Last summer’s decision of the New York State Insurance Department to authorize a 14- percent increase in medical malpractice insurance premiums was accompanied by a wave of warnings that rates were causing a doctor-shortage “crisis” and suggestions that the insurance industry was in dire straits that could not be cured by the rate hike alone. Gov. Eliot Spitzer appointed a “Medical Malpractice Liability Task Force” to “define the major causes of medical malpractice and of the high cost of insurance.”

Critics of the civil justice system, predictably, tried to use these purported crises to justify imposing an array of restrictions on New Yorkers’ legal rights. The most offensive proposal concerns newborns. It would deprive neurologically impaired infants of their legal rights, leaving their welfare to the whims of a state-run fund. Our research shows that these funds are failures in the two states that have conducted similar experiments with the rights of patients.

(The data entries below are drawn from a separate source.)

text \<open>Finitely many divisorial ideals \<open>F\<^sub>v\<close> with \<open>x \<in> F \<subseteq> M\<close> cover \<open>M = M\<^sub>t\<close>, so \<open>M\<close>
  is the divisorial ideal of a single finite set.\<close>

lemma t_Max_divisorial: assumes M: "M \<in> t_Max R" shows "v_op R M = M"
proof -
  obtain x where x: "x \<in> M" "x \<noteq> 0" using t_Max_nonzero_elem[OF M] .
  have xR: "x \<in> R" using x t_Max_subset[OF M] by blast
  define \<D> where "\<D> = {v_op R F | F. finite F \<and> x \<in> F \<and> F \<subseteq> M}"
  have "\<D> \<subseteq> colon R ` {colon R S | S. S \<subseteq> R \<and> x \<in> S}"
    unfolding \<D>_def v_op_def using t_Max_subset[OF M] by blast
  then have "finite \<D>" using finite_colons_containing[OF xR x(2)] by (meson finite_imageI finite_subset)
  moreover have "\<forall>D\<in>\<D>. \<exists>F. finite F \<and> x \<in> F \<and> F \<subseteq> M \<and> D = v_op R F" unfolding \<D>_def by blast
  then obtain Fc where Fc: "\<And>D. D \<in> \<D> \<Longrightarrow> finite (Fc D) \<and> x \<in> Fc D \<and> Fc D \<subseteq> M \<and> D = v_op R (Fc D)"
    by metis
  define G where "G = insert x (\<Union>D\<in>\<D>. Fc D)"
  ultimately have G: "finite G" "G \<subseteq> M" "x \<in> G" unfolding G_def using Fc x by auto
  have "M \<subseteq> v_op R G"
  proof
    fix m assume "m \<in> M"
    then have "m \<in> t_op R M" using t_Max_t_ideal[OF M] unfolding t_ideal_def by simp
    then obtain F a where F: "finite F" "F \<subseteq> M" "m \<in> v_op R F" by (rule mem_t_opE)
    define D where "D = v_op R (insert x F)"
    have D: "D \<in> \<D>" unfolding \<D>_def D_def using F(1,2) x(1) by blast
    have "m \<in> D" unfolding D_def using F(3) v_op_mono[of F "insert x F"] by blast
    also have "D = v_op R (Fc D)" using Fc[OF D] by blast
    also have "\<dots> \<subseteq> v_op R G" using Fc[OF D] D unfolding G_def by (intro v_op_mono) blast
    finally show "m \<in> v_op R G" .
  qed
  then have "M = v_op R G" using v_op_subset_t_ideal[OF t_Max_t_ideal[OF M] G x(2)] by blast
  then show ?thesis using v_op_idem by metis
qed

lemma t_Max_colon_not_subset:
  assumes M: "M \<in> t_Max R" obtains z where "z \<in> colon R M" "z \<notin> R"
proof -
  have "colon R M \<noteq> R"
    using t_Max_divisorial[OF M] t_Max_neq_R[OF M] colon_R_R unfolding v_op_def by metis
  moreover have "R \<subseteq> colon R M" using t_Max_subset[OF M] unfolding colon_def by blast
  ultimately show ?thesis using that by blast
qed

lemma colon_t_Max_mult_not_subset:
  assumes M: "M \<in> t_Max R" and z: "z \<in> colon R M" "z \<notin> R"
  obtains p where "p \<in> M" "z * p \<notin> M"
proof (rule ccontr)
  assume "\<not> thesis"
  then have zM: "\<And>m. m \<in> M \<Longrightarrow> z * m \<in> M" using that by blast
  obtain x where x: "x \<in> M" "x \<noteq> 0" using t_Max_nonzero_elem[OF M] .
  have pw: "z ^ n * x \<in> M" for n
    by (induction n) (use x zM in \<open>auto simp: mult.assoc\<close>)
  txt \<open>A valuation with \<open>v(z) < 0\<close> would make \<open>v(z\<^sup>n x)\<close> negative for large \<open>n\<close>.\<close>
  have "z \<in> V" if V: "V \<in> Vs" for V
  proof (rule ccontr)
    assume zV: "z \<notin> V"
    then have z0: "z \<noteq> 0" and vz: "val V z \<le> -1" using mem_V_iff[OF V] by auto
    have vx: "0 \<le> val V x" using val_nonneg[OF V] x t_Max_subset[OF M] by blast
    define n where "n = Suc (nat (val V x))"
    have "z ^ n * x \<in> V" "z ^ n * x \<noteq> 0" using pw t_Max_subset[OF M] R_subset_V[OF V] z0 x(2) by auto
    then have "0 \<le> val V (z ^ n * x)" using mem_V_iff[OF V] by blast
    also have "val V (z ^ n * x) = int n * val V z + val V x"
      using val_mult[OF V] int_valuation.val_power[OF val[OF V] z0] z0 x(2) by simp
    also have "\<dots> \<le> - int n + val V x" using mult_left_mono[OF vz, of "int n"] by simp
    finally show False unfolding n_def using vx by simp
  qed
  then show False using z(2) mem_R_if_mem_V by blast
qed

lemma exists_unit_val_ge:
  assumes M: "prime_ideal_of R M" and W: "finite W" "W \<subseteq> Vs"
    and nonunit: "\<And>V. V \<in> W \<Longrightarrow> \<exists>s\<in>R. s \<notin> M \<and> inverse s \<notin> V"
  shows "\<exists>s\<in>R. s \<notin> M \<and> (\<forall>V\<in>W. val V p \<le> val V s)"
  using W nonunit
proof (induction W rule: finite_induct)
  case empty
  have "1 \<notin> M" using M ideal_eq_if_one_mem unfolding prime_ideal_of_def by blast
  then show ?case by (intro bexI[of _ 1]) auto
next
  case (insert V W)
  obtain s where s: "s \<in> R" "s \<notin> M" "\<And>V. V \<in> W \<Longrightarrow> val V p \<le> val V s"
    using insert.IH insert.prems by blast
  have V: "V \<in> Vs" using insert.prems(1) by blast
  obtain t where t: "t \<in> R" "t \<notin> M" "inverse t \<notin> V" using insert.prems(2) by blast
  have M0: "0 \<in> M" using M ideal_zero unfolding prime_ideal_of_def by blast
  define k where "k = nat (val V p)"
  have st: "s * t ^ k \<in> R" "s * t ^ k \<notin> M"
    using s t M prime_ideal_mem_if_power_mem[OF M t(1), of k] unfolding prime_ideal_of_def by auto
  have val_st: "val W' (s * t ^ k) = val W' s + int k * val W' t" if "W' \<in> Vs" for W'
  proof -
    have "s \<noteq> 0" "t \<noteq> 0" using s(2) t(2) M0 by auto
    then show ?thesis using val_mult[OF that] int_valuation.val_power[OF val[OF that]] by simp
  qed
  have "val W' p \<le> val W' (s * t ^ k)" if W': "W' \<in> insert V W" for W'
  proof (cases "W' = V")
    case True
    have "0 \<le> val V s" using val_nonneg[OF V s(1)] s(2) M0 by auto
    moreover have "1 \<le> val V t" using val_pos_if_inverse_notin[OF V t(3)] by simp
    then have "int k \<le> int k * val V t" using mult_left_mono[of 1 "val V t" "int k"] by simp
    moreover have "val V p \<le> int k" unfolding k_def by simp
    ultimately show ?thesis unfolding True using val_st[OF V] by linarith
  next
    case False
    then have "W' \<in> W" "W' \<in> Vs" using W' insert.prems(1) by auto
    moreover from this have "0 \<le> val W' t" using val_nonneg t(1,2) M0 by auto
    then have "0 \<le> int k * val W' t" by simp
    ultimately show ?thesis using s(3) val_st by fastforce
  qed
  then show ?case using st by blast
qed

lemma exists_V_centered_on_t_Max:
  assumes M: "M \<in> t_Max R" and p: "p \<in> M" "p \<noteq> 0"
  obtains V where "V \<in> Vs" "loc R M \<subseteq> V" "inverse p \<notin> V"
proof (rule ccontr)
  assume "\<not> thesis"
  with that have not_centered: "\<And>V. V \<in> Vs \<Longrightarrow> inverse p \<notin> V \<Longrightarrow> \<not> loc R M \<subseteq> V"
    by blast
  have nonunit: "\<exists>s\<in>R. s \<notin> M \<and> inverse s \<notin> V" if V: "V \<in> {V\<in>Vs. inverse p \<notin> V}" for V
  proof (rule ccontr)
    assume all_units: "\<not> ?thesis"
    have "loc R M \<subseteq> V"
    proof
      fix w assume "w \<in> loc R M"
      then obtain a s where as: "a \<in> R" "s \<in> R" "s \<notin> M" "w = a / s" by (rule mem_locE)
      then have "a \<in> V" "inverse s \<in> V" using V R_subset_V all_units by auto
      then show "w \<in> V" using V_mult V as(4) by (simp add: divide_inverse)
    qed
    then show False using not_centered V by blast
  qed
  have "finite {V\<in>Vs. inverse p \<notin> V}" using finite_character p t_Max_subset[OF M] by blast
  then have "\<exists>s\<in>R. s \<notin> M \<and> (\<forall>V\<in>{V\<in>Vs. inverse p \<notin> V}. val V p \<le> val V s)"
    by (rule exists_unit_val_ge[OF t_Max_prime[OF M] _ _ nonunit]) auto
  then obtain s where s: "s \<in> R" "s \<notin> M" "\<And>V. V \<in> Vs \<Longrightarrow> inverse p \<notin> V \<Longrightarrow> val V p \<le> val V s"
    by blast
  have s0: "s \<noteq> 0" using s(2) zero_mem_t_Max[OF M] by blast
  txt \<open>Then \<open>s / p \<in> R\<close>, making \<open>1 / p\<close> an element of \<open>R\<^sub>M\<close>.\<close>
  have "s / p \<in> V" if V: "V \<in> Vs" for V
  proof (cases "inverse p \<in> V")
    case True
    then show ?thesis using V_mult[OF V] s(1) R_subset_V[OF V] by (auto simp: divide_inverse)
  next
    case False
    then have "0 \<le> val V (s / p)"
      using s(3) V int_valuation.val_divide[OF val[OF V] s0 p(2)] by auto
    then show ?thesis using mem_V_iff[OF V] by blast
  qed
  then have "s / p \<in> R" by (rule mem_R_if_mem_V)
  then have "(s / p) / s \<in> loc R M" using s(1,2) by (rule mem_locI)
  then show False using inverse_notin_loc[OF t_Max_ideal[OF M] p] s0 by (simp add: field_simps)
qed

In reality, the data show that most of these “crisis” claims are vastly exaggerated and those that are valid have nothing to do with a proliferation in litigation. It is worth noting that the situation in New York state is, when compared with the national medical malpractice insurance marketplace, an aberration. Nationally, rates are generally stable or are even slightly decreased from previous levels.

This study examines the three plausible explanations for recent insurance rate increases and the financial struggles claimed by New York’s insurance providers: 1) an increase in litigation; 2) the combustion of poor state regulation and normal volatility in the insurance market; and/or 3) marked changes in the quality of patient safety.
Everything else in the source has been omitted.